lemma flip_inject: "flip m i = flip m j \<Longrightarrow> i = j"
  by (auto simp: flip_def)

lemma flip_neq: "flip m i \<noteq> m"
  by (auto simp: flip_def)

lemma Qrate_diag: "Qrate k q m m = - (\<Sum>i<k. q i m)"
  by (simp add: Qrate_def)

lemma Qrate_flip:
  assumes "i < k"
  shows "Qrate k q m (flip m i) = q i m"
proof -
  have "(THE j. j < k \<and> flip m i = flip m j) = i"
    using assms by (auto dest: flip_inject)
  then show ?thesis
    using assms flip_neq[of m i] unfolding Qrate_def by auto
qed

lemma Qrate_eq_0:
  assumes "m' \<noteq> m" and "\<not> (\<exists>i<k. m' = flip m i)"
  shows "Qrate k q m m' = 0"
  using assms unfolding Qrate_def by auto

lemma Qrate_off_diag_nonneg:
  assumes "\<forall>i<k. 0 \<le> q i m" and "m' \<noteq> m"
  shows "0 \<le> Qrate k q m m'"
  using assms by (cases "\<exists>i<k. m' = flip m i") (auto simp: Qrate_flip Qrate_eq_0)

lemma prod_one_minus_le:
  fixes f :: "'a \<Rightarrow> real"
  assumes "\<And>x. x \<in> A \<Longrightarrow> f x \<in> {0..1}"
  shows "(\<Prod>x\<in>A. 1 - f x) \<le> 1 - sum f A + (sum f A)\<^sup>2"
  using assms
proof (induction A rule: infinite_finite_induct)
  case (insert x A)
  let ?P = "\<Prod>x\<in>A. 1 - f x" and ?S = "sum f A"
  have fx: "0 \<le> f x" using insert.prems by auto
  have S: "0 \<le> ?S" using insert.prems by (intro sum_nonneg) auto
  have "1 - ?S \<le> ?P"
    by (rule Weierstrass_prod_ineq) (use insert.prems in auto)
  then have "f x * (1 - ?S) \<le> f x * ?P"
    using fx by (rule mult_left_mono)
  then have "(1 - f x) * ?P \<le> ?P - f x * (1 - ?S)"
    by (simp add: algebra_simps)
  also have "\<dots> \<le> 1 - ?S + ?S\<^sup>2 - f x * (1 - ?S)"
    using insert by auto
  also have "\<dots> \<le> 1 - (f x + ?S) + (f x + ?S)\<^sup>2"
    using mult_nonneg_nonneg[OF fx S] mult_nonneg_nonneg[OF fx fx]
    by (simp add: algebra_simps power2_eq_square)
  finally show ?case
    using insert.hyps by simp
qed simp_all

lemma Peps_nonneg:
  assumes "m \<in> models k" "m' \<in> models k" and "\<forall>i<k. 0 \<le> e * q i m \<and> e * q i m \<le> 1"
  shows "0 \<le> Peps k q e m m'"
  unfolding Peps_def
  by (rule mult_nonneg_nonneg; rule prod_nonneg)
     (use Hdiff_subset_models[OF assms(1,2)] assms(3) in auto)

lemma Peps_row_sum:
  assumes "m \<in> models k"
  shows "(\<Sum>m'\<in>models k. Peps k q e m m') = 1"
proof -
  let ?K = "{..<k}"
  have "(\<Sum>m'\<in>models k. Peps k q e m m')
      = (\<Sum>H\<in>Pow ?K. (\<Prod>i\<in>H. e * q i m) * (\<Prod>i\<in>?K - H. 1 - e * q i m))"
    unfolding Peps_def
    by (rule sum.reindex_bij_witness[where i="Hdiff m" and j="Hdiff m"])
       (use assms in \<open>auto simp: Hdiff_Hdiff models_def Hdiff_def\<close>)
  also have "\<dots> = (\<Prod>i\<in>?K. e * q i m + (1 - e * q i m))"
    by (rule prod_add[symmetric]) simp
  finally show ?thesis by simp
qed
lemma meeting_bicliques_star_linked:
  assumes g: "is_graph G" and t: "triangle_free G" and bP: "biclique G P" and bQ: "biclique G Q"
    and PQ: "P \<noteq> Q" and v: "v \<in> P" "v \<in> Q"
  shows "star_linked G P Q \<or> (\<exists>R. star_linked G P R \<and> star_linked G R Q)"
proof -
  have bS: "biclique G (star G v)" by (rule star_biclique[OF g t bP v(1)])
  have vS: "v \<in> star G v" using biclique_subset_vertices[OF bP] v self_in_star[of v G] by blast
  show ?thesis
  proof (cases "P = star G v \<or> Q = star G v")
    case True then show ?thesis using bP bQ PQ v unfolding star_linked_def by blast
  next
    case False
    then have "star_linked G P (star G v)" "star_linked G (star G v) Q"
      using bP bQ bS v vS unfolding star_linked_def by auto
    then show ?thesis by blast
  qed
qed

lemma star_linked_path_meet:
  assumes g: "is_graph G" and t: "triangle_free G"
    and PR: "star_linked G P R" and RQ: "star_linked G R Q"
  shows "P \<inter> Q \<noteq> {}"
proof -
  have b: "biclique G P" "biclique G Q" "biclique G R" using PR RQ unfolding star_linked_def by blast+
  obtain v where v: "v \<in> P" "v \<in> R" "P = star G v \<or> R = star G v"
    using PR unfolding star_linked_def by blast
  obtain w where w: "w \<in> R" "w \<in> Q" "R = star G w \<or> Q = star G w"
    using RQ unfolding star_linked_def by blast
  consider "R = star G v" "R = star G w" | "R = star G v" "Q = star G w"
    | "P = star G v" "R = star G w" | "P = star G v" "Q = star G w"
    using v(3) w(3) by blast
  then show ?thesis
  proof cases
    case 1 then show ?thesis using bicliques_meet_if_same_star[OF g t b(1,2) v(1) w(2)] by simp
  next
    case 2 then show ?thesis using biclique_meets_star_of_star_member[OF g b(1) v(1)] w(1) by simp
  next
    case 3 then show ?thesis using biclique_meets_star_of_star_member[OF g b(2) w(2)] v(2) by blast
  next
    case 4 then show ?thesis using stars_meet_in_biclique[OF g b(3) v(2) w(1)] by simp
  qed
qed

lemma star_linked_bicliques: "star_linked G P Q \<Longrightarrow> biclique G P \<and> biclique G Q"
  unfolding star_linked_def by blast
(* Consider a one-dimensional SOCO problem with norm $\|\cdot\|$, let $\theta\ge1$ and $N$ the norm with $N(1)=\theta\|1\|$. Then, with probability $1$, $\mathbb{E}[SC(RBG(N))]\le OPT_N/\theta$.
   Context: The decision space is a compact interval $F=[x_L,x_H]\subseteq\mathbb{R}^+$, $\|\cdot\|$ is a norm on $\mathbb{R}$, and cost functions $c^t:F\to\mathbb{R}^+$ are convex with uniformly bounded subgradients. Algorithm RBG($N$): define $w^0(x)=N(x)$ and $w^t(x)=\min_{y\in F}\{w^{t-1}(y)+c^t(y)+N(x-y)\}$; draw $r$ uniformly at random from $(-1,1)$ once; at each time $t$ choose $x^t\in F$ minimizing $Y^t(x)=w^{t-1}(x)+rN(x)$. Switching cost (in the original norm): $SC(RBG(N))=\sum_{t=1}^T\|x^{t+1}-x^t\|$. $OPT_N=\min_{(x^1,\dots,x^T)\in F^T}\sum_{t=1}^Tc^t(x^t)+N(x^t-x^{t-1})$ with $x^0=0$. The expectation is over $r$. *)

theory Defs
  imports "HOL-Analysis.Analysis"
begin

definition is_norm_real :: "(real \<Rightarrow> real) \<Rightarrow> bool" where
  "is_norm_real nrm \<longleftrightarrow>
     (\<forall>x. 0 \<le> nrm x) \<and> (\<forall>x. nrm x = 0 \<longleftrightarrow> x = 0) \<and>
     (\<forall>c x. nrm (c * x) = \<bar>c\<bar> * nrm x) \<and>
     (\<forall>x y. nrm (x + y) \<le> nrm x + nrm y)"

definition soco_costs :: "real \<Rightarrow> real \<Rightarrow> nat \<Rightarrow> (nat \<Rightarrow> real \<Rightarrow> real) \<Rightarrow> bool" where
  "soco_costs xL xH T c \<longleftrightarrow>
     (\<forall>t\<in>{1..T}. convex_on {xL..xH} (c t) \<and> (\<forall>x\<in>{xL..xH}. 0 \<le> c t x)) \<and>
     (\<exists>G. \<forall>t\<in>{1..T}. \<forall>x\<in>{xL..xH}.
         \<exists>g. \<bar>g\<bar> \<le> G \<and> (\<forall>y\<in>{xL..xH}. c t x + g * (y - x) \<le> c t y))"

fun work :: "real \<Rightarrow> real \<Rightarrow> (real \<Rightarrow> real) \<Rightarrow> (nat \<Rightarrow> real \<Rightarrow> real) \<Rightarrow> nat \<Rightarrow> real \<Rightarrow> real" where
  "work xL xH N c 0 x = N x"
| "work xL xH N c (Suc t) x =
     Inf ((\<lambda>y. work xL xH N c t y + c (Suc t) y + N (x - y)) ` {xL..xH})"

■ ■ ■ ■

Give only the lines from the one holding "proof cases" through the one holding "(* Consider a", each restated exactly as it appears above.

  proof cases
    case 1 then show ?thesis using bicliques_meet_if_same_star[OF g t b(1,2) v(1) w(2)] by simp
  next
    case 2 then show ?thesis using biclique_meets_star_of_star_member[OF g b(1) v(1)] w(1) by simp
  next
    case 3 then show ?thesis using biclique_meets_star_of_star_member[OF g b(2) w(2)] v(2) by blast
  next
    case 4 then show ?thesis using stars_meet_in_biclique[OF g b(3) v(2) w(1)] by simp
  qed
qed

lemma star_linked_bicliques: "star_linked G P Q \<Longrightarrow> biclique G P \<and> biclique G Q"
  unfolding star_linked_def by blast
(* Consider a one-dimensional SOCO problem with norm $\|\cdot\|$, let $\theta\ge1$ and $N$ the norm with $N(1)=\theta\|1\|$. Then, with probability $1$, $\mathbb{E}[SC(RBG(N))]\le OPT_N/\theta$.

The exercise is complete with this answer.